A food related motif seemed about right, using marker. I may actually stitch those seams to reinforce them, too.
Hanging in the kitchen, here, showing how the three pockets work. Like a carpenter's apron. But in use, they don't flop open.
Today's golden rectangle drawing is from a golden age of drawing, a study I made this morning of Michelangelo's study of the head of a warrior.
I think he used red conte, and the head is one of a number of small studies on a single page. That's why it's facing left. If it were the main subject, it would more probably face right. But here it probably would be directing our attention to the center of the action. If you want to study it for yourself, go here
It's great practice, to teeter valiantly on the shoulders of this particular giant, and explore how he modeled the face and how the tilted angle affects the shadows and proportions. See how that invisible eyebrow juts out? and how the lip turns? and the bony ridge above the eye shows as a light area?
It's a good idea now and then, not too often, to copy a master drawing. It's like replaying a great chess match, where you can understand better the underpinnings, from having walked them yourself. Your own drawing, or chess, really improves from doing this sort of practice.
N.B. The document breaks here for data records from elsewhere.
(* Let $M=(\mathcal S,\mathcal A,\bar r_t,p_t,s_1)$ be a possibly non-time-homogeneous MDP (mean rewards $\bar r_t$ and transition probabilities $p_t$ depending on the step $t$) and $M'=(\mathcal S,\mathcal A,\bar r',p',s_1)$ a time-homogeneous communicating MDP on the same finite state and action sets, with optimal stationary policy $\pi'^*$. Suppose that for all $t=1,\dots,T$ and all states $s$, \[|\bar r_t(s,\pi'^*(s))-\bar r'(s,\pi'^*(s))|\le\Delta^r_t(s),\qquad \|p_t(\cdot\mid s,\pi'^*(s))-p'(\cdot\mid s,\pi'^*(s))\|_1\le\Delta^p_t(s).\] If $\pi'^*$ is performed on $M$ for $T$ steps and $s_t$ denotes the state visited at step $t$, then \[T\rho^*(M')-\sum_{t=1}^T\bar r_t(s_t,\pi'^*(s_t))\le\sum_{t=1}^T\big(\Lambda'\Delta^p_t(s_t)+\Delta^r_t(s_t)\big)+\sum_{t=1}^T\Big(\sum_{s'}p_t(s'\mid s_t,\pi'^*(s_t))\,\lambda'(s')-\lambda'(s_t)\Big),\] where $\lambda'$ is the bias function and $\Lambda'=\max_s\lambda'(s)-\min_s\lambda'(s)$ the bias span of $\pi'^*$ on $M'$.
   Context: A communicating MDP is one in which for any two states $s,s'$, starting in $s$ one can reach $s'$ with positive probability by choosing appropriate actions. For a stationary policy $\pi$, $\rho(M',\pi)=\lim_{n\to\infty}\frac1n\mathbb E[\sum_{t=1}^nr_t]$ and $\rho^*(M')=\max_\pi\rho(M',\pi)$; $\pi'^*$ attains $\rho^*(M')$. The bias function $\lambda'$ of $\pi'^*$ on $M'$ satisfies the Poisson equation $\rho^*(M')-\bar r'(s,\pi'^*(s))=\sum_{s'}p'(s'\mid s,\pi'^*(s))\lambda'(s')-\lambda'(s)$ for all $s$. *)

theory Defs
  imports "HOL-Analysis.Analysis"
begin

text \<open>States of type 's, actions of type 'a (both finite; every action
  available in every state). A time-homogeneous MDP is given by mean rewards
  r :: 's => 'a => real and transition probabilities p :: 's => 'a => 's => real,
  where p s a s' is the probability of moving to s' when playing a in s.\<close>

definition is_kernel :: "('s::finite \<Rightarrow> 'a \<Rightarrow> 's \<Rightarrow> real) \<Rightarrow> bool" where
  "is_kernel p \<longleftrightarrow> (\<forall>s a s'. 0 \<le> p s a s') \<and> (\<forall>s a. (\<Sum>s'\<in>UNIV. p s a s') = 1)"

definition communicating :: "('s \<Rightarrow> 'a \<Rightarrow> 's \<Rightarrow> real) \<Rightarrow> bool" where
  "communicating p \<longleftrightarrow> (\<forall>s s'. (s, s') \<in> {(x, y). \<exists>a. p x a y > 0}\<^sup>*)"

fun state_dist :: "('s::finite \<Rightarrow> 'a \<Rightarrow> 's \<Rightarrow> real) \<Rightarrow> 's \<Rightarrow> ('s \<Rightarrow> 'a) \<Rightarrow> nat \<Rightarrow> 's \<Rightarrow> real" where
  "state_dist p s1 pol 0 = (\<lambda>s. if s = s1 then 1 else 0)"
| "state_dist p s1 pol (Suc n) = (\<lambda>s'. \<Sum>s\<in>UNIV. state_dist p s1 pol n s * p s (pol s) s')"

text \<open>Expected reward at step t (t = 1,2,...) is that of step index t-1 here.\<close>
definition exp_reward :: "('s::finite \<Rightarrow> 'a \<Rightarrow> real) \<Rightarrow> ('s \<Rightarrow> 'a \<Rightarrow> 's \<Rightarrow> real) \<Rightarrow> 's \<Rightarrow> ('s \<Rightarrow> 'a) \<Rightarrow> nat \<Rightarrow> real" where
  "exp_reward r p s1 pol n = (\<Sum>s\<in>UNIV. state_dist p s1 pol n s * r s (pol s))"

definition avg_reward :: "('s::finite \<Rightarrow> 'a \<Rightarrow> real) \<Rightarrow> ('s \<Rightarrow> 'a \<Rightarrow> 's \<Rightarrow> real) \<Rightarrow> 's \<Rightarrow> ('s \<Rightarrow> 'a) \<Rightarrow> real" where
  "avg_reward r p s1 pol = lim (\<lambda>n. (\<Sum>t<n. exp_reward r p s1 pol t) / real n)"

definition opt_avg_reward :: "('s::finite \<Rightarrow> 'a::finite \<Rightarrow> real) \<Rightarrow> ('s \<Rightarrow> 'a \<Rightarrow> 's \<Rightarrow> real) \<Rightarrow> 's \<Rightarrow> real" where
  "opt_avg_reward r p s1 = Max (range (avg_reward r p s1))"

definition span :: "('s::finite \<Rightarrow> real) \<Rightarrow> real" where
  "span f = Max (range f) - Min (range f)"

end

theory Submission
  imports Defs
begin

text \<open>At each step the optimal gain exceeds the reward of M by at most the reward
  deviation plus the gain deficit of M' in that state; the Poisson equation rewrites the
  latter as the expected bias increment under p', which differs from the increment under
  the actual kernel p_t by at most the bias span times the L1 distance of the two
  transition rows. Summing over the T visited states gives the bound.\<close>

lemma span_nonneg: "0 \<le> span (f :: 's::finite \<Rightarrow> real)"
proof -
  have "Min (range f) \<le> f x" "f x \<le> Max (range f)" for x
    by auto
  then show ?thesis
    unfolding span_def by (meson diff_ge_0_iff_ge order_trans)
qed

lemma expectation_diff_le_span_l1:
  fixes q q' f :: "'s::finite \<Rightarrow> real"
  assumes "(\<Sum>s\<in>UNIV. q s) = 1" "(\<Sum>s\<in>UNIV. q' s) = 1"
  shows "(\<Sum>s\<in>UNIV. q' s * f s) - (\<Sum>s\<in>UNIV. q s * f s)
         \<le> span f * (\<Sum>s\<in>UNIV. \<bar>q s - q' s\<bar>)"
proof -
  define c where "c = Min (range f)"
  have shifted: "0 \<le> f s - c" "f s - c \<le> span f" for s
    unfolding c_def span_def by auto
  \<comment> \<open>Both rows have mass 1, so shifting f by its minimum does not change the difference.\<close>
  have "(\<Sum>s\<in>UNIV. q' s * f s) - (\<Sum>s\<in>UNIV. q s * f s)
      = (\<Sum>s\<in>UNIV. (q' s - q s) * (f s - c)) + c * ((\<Sum>s\<in>UNIV. q' s) - (\<Sum>s\<in>UNIV. q s))"
    by (simp add: algebra_simps sum_subtractf sum_distrib_left sum.distrib)
  also have "\<dots> = (\<Sum>s\<in>UNIV. (q' s - q s) * (f s - c))"
    using assms by simp
  also have "\<dots> \<le> (\<Sum>s\<in>UNIV. \<bar>q s - q' s\<bar> * span f)"
  proof (rule sum_mono)
    fix s
    have "(q' s - q s) * (f s - c) \<le> \<bar>q' s - q s\<bar> * (f s - c)"
      using shifted(1) by (intro mult_right_mono) auto
    also have "\<dots> \<le> \<bar>q s - q' s\<bar> * span f"
      using shifted by (simp add: abs_minus_commute mult_left_mono)
    finally show "(q' s - q s) * (f s - c) \<le> \<bar>q s - q' s\<bar> * span f" .
  qed
  also have "\<dots> = span f * (\<Sum>s\<in>UNIV. \<bar>q s - q' s\<bar>)"
    by (simp add: sum_distrib_left mult.commute)
  finally show ?thesis .
qed

lemma gain_minus_reward_le:
  fixes q q' lam :: "'s::finite \<Rightarrow> real"
  assumes "(\<Sum>s\<in>UNIV. q s) = 1" "(\<Sum>s\<in>UNIV. q' s) = 1"
    and poisson: "g - r' = (\<Sum>s\<in>UNIV. q' s * lam s) - b"
    and "\<bar>r - r'\<bar> \<le> dr"
    and "(\<Sum>s\<in>UNIV. \<bar>q s - q' s\<bar>) \<le> dp"
  shows "g - r \<le> (span lam * dp + dr) + ((\<Sum>s\<in>UNIV. q s * lam s) - b)"
proof -
  have "(\<Sum>s\<in>UNIV. q' s * lam s) - (\<Sum>s\<in>UNIV. q s * lam s) \<le> span lam * dp"
    using expectation_diff_le_span_l1[OF assms(1,2), of lam] assms(5) span_nonneg[of lam]
    by (meson mult_left_mono order_trans)
  then show ?thesis
    using poisson assms(4) by linarith
qed

theorem lemma2:
  fixes r :: "nat \<Rightarrow> 's::finite \<Rightarrow> 'a::finite \<Rightarrow> real"
    and p :: "nat \<Rightarrow> 's \<Rightarrow> 'a \<Rightarrow> 's \<Rightarrow> real"
    and r' :: "'s \<Rightarrow> 'a \<Rightarrow> real"
    and p' :: "'s \<Rightarrow> 'a \<Rightarrow> 's \<Rightarrow> real"
    and s1 :: 's
    and pi' :: "'s \<Rightarrow> 'a"
    and lam' :: "'s \<Rightarrow> real"
    and Dr Dp :: "nat \<Rightarrow> 's \<Rightarrow> real"
    and T :: nat
    and st :: "nat \<Rightarrow> 's"
  assumes kern: "\<And>t. is_kernel (p t)"
    and kern': "is_kernel p'"
    and comm: "communicating p'"
    and opt: "avg_reward r' p' s1 pi' = opt_avg_reward r' p' s1"
    and poisson: "\<And>s. opt_avg_reward r' p' s1 - r' s (pi' s)
                     = (\<Sum>s'\<in>UNIV. p' s (pi' s) s' * lam' s') - lam' s"
    and dr: "\<And>t s. 1 \<le> t \<Longrightarrow> t \<le> T \<Longrightarrow> \<bar>r t s (pi' s) - r' s (pi' s)\<bar> \<le> Dr t s"
    and dp: "\<And>t s. 1 \<le> t \<Longrightarrow> t \<le> T \<Longrightarrow>
               (\<Sum>s'\<in>UNIV. \<bar>p t s (pi' s) s' - p' s (pi' s) s'\<bar>) \<le> Dp t s"
    and start: "st 1 = s1"
    and path: "\<And>t. 1 \<le> t \<Longrightarrow> t < T \<Longrightarrow> p t (st t) (pi' (st t)) (st (Suc t)) > 0"
  shows "real T * opt_avg_reward r' p' s1 - (\<Sum>t=1..T. r t (st t) (pi' (st t)))
         \<le> (\<Sum>t=1..T. span lam' * Dp t (st t) + Dr t (st t))
           + (\<Sum>t=1..T. (\<Sum>s'\<in>UNIV. p t (st t) (pi' (st t)) s' * lam' s') - lam' (st t))"
proof -
  let ?rho = "opt_avg_reward r' p' s1"
  have "real T * ?rho - (\<Sum>t=1..T. r t (st t) (pi' (st t)))
      = (\<Sum>t=1..T. ?rho - r t (st t) (pi' (st t)))"
    by (simp add: sum_subtractf)
  also have "\<dots> \<le> (\<Sum>t=1..T. (span lam' * Dp t (st t) + Dr t (st t))
        + ((\<Sum>s'\<in>UNIV. p t (st t) (pi' (st t)) s' * lam' s') - lam' (st t)))"
  proof (rule sum_mono)
    fix t assume "t \<in> {1..T}"
    then have t: "1 \<le> t" "t \<le> T" by auto
    show "?rho - r t (st t) (pi' (st t))
        \<le> (span lam' * Dp t (st t) + Dr t (st t))
          + ((\<Sum>s'\<in>UNIV. p t (st t) (pi' (st t)) s' * lam' s') - lam' (st t))"
      using kern[of t] kern' unfolding is_kernel_def
      by (intro gain_minus_reward_le[OF _ _ poisson dr[OF t] dp[OF t]]) auto
  qed
  also have "\<dots> = (\<Sum>t=1..T. span lam' * Dp t (st t) + Dr t (st t))
      + (\<Sum>t=1..T. (\<Sum>s'\<in>UNIV. p t (st t) (pi' (st t)) s' * lam' s') - lam' (st t))"
    by (rule sum.distrib)
  finally show ?thesis .
qed

end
Better to do it only occasionally so you don't lose confidence in doing your own original work.
I did this in 4B graphite stick, and rubbed with my fingers to soften and model the shapes, then lifted out areas with a kneaded eraser.
Today's drawing is a golden rectangle 8 x 5 in, of a couple of dieffenbachia, done in graphite and charcoal, shapes lifted out with kneaded eraser.
This technique is fun to try, if you haven't before. Just tape off the area of the drawing, then swipe your graphite stick or soft pencil back and forward to cover the entire area. Then lift out shapes by using the corner of a kneaded eraser like a pencil, just draw the shapes you want. Then a few touches of charcoal pencil to give a bit of definition here and there. This is a bit like reductive monotype making, and that's fun, too.
And, as always, don't use a photograph. That will guarantee any drawing will be dead on arrival. Go from the actual model, in this case a giant dieffenbachia rescued years ago from the dumpster by a neighbor and brought to me, since he thinks I'm the local EMT for plants in distress. I had to do radical surgery on the original, to result in three flourishing plants.
After the excitement of the last few days of weather and other events, it was so great to find this in my mailbox today:
Total surprise, three wonderful art cards from the CQteers, the group in which I have honorary membership. Largely because they meet about a thousand miles away from me. It's the least labor intensive of all the artist groups I'm in, and as you see, they are great fiber and collage artists.
Such a treat. I think I really have to frame this collection. But first I have to handle the pieces and look on the back for the good wishes as well as the front for the art.
Big group for last evening's meeting of the Plainsboro Artist Group, and the usual wide range of art shown. This is a knowledgeable group, and you never go home without learning a thing or two! So here's a random showing of artists wearing their art, and showing it, too. Works in progress, asking for feedback, completed works ready to enjoy, this is a lively group. You'll see oils, pastels, charcoal, acrylic, poured work, knife painting, watercolor, collage and mixed media.
They were not posing for pictures, but deep in discussion of techniques, advice, planning, and you can see their intensity!